» **THE PROBLEM**:
Your output must be the line containing "using \<open>R \<noteq>" followed by every later line in the entries below, all copied exactly.

» **DATA FOR THIS EXERCISE**:
***
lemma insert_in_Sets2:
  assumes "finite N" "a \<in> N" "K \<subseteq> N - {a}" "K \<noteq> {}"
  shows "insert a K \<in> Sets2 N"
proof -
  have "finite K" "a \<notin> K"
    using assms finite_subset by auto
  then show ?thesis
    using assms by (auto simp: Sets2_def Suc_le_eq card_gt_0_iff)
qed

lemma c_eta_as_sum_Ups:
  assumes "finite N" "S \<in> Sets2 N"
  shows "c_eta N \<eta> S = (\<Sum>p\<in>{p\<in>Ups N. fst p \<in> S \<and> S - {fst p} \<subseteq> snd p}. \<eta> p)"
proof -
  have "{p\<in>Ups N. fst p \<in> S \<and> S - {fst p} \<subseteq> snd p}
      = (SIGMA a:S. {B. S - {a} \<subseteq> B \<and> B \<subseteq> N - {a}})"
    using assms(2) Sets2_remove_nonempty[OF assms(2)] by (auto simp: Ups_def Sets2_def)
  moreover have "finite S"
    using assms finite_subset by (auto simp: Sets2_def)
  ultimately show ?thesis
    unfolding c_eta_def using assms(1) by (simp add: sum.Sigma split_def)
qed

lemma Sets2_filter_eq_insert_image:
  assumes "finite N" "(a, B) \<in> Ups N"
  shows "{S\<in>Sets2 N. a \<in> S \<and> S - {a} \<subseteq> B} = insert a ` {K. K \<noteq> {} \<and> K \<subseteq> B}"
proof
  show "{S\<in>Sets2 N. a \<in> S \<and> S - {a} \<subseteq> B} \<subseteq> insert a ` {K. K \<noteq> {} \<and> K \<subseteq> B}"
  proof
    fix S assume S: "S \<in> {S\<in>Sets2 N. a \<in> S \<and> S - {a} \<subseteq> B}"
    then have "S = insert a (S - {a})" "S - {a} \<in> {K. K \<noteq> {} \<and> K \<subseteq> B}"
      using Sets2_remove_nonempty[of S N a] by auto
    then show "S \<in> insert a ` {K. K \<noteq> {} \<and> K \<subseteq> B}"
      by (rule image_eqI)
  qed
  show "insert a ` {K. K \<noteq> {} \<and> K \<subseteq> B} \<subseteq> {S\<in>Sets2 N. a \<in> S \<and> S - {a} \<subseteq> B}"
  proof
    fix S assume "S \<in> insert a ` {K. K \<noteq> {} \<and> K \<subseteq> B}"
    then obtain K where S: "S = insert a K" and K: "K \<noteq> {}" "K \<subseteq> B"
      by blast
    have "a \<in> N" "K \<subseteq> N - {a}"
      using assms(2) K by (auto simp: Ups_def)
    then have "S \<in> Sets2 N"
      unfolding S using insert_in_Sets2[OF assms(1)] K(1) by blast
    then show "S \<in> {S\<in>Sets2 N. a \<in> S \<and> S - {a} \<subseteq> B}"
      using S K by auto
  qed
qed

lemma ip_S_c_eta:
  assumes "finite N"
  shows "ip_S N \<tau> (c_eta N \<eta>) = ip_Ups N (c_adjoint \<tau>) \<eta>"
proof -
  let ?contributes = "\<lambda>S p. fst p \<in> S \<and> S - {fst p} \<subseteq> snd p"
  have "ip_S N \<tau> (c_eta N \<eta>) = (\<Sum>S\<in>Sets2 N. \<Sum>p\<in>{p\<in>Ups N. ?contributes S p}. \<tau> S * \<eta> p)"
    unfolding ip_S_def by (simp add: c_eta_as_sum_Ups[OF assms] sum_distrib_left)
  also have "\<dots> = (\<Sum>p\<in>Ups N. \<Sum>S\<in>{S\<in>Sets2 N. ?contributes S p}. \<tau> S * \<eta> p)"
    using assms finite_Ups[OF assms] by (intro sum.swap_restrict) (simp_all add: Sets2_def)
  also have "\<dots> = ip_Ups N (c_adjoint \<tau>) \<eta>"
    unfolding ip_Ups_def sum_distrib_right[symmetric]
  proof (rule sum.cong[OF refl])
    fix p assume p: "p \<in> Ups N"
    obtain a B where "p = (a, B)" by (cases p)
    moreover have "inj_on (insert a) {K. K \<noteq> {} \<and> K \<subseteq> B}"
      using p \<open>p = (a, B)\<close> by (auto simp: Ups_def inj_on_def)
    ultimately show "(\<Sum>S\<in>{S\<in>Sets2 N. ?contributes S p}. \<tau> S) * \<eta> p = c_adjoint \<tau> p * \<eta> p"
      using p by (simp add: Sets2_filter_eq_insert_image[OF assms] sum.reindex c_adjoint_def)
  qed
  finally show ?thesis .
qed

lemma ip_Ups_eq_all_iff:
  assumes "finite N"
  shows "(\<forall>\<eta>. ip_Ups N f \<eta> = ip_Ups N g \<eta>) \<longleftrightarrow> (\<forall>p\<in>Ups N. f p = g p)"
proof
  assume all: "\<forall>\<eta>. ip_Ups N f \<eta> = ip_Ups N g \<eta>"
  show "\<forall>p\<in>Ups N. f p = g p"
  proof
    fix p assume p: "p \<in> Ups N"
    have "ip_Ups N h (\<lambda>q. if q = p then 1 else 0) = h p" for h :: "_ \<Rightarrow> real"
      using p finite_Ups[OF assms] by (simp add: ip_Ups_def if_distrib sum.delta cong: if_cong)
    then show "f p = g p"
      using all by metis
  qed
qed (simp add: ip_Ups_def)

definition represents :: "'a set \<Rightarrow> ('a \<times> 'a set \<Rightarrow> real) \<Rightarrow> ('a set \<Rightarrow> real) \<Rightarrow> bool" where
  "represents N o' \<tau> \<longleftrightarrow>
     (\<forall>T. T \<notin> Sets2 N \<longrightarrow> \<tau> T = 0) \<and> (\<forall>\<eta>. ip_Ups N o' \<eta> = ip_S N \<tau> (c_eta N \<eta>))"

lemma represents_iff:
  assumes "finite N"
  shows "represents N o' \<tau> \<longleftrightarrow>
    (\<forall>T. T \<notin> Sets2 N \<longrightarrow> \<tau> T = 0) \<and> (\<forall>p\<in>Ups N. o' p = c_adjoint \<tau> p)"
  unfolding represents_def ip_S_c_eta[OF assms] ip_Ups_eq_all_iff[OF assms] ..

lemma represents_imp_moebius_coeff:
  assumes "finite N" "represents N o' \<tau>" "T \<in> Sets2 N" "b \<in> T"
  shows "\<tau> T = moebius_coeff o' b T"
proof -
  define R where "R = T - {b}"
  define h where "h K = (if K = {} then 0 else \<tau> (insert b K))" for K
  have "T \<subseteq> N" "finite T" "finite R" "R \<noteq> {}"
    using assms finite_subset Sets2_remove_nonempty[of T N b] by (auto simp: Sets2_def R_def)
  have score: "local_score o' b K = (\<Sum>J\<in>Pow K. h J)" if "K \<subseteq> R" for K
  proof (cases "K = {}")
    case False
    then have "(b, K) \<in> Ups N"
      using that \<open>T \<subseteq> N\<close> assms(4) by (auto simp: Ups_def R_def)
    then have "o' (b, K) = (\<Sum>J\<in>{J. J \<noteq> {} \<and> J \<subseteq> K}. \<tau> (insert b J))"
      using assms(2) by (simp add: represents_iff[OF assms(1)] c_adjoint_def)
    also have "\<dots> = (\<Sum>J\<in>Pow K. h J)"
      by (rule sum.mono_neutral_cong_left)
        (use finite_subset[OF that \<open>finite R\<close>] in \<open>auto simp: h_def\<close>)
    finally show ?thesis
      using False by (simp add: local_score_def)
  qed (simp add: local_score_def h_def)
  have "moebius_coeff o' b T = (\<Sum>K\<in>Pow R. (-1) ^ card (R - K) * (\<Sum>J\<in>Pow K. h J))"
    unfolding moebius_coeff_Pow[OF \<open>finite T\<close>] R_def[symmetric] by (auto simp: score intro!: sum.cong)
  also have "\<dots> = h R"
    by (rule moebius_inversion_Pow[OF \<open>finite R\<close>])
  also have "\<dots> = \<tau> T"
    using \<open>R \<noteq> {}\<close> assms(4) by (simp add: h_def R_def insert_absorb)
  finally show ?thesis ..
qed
***
» **TASK ANSWER**:
    using \<open>R \<noteq> {}\<close> assms(4) by (simp add: h_def R_def insert_absorb)
  finally show ?thesis ..
qed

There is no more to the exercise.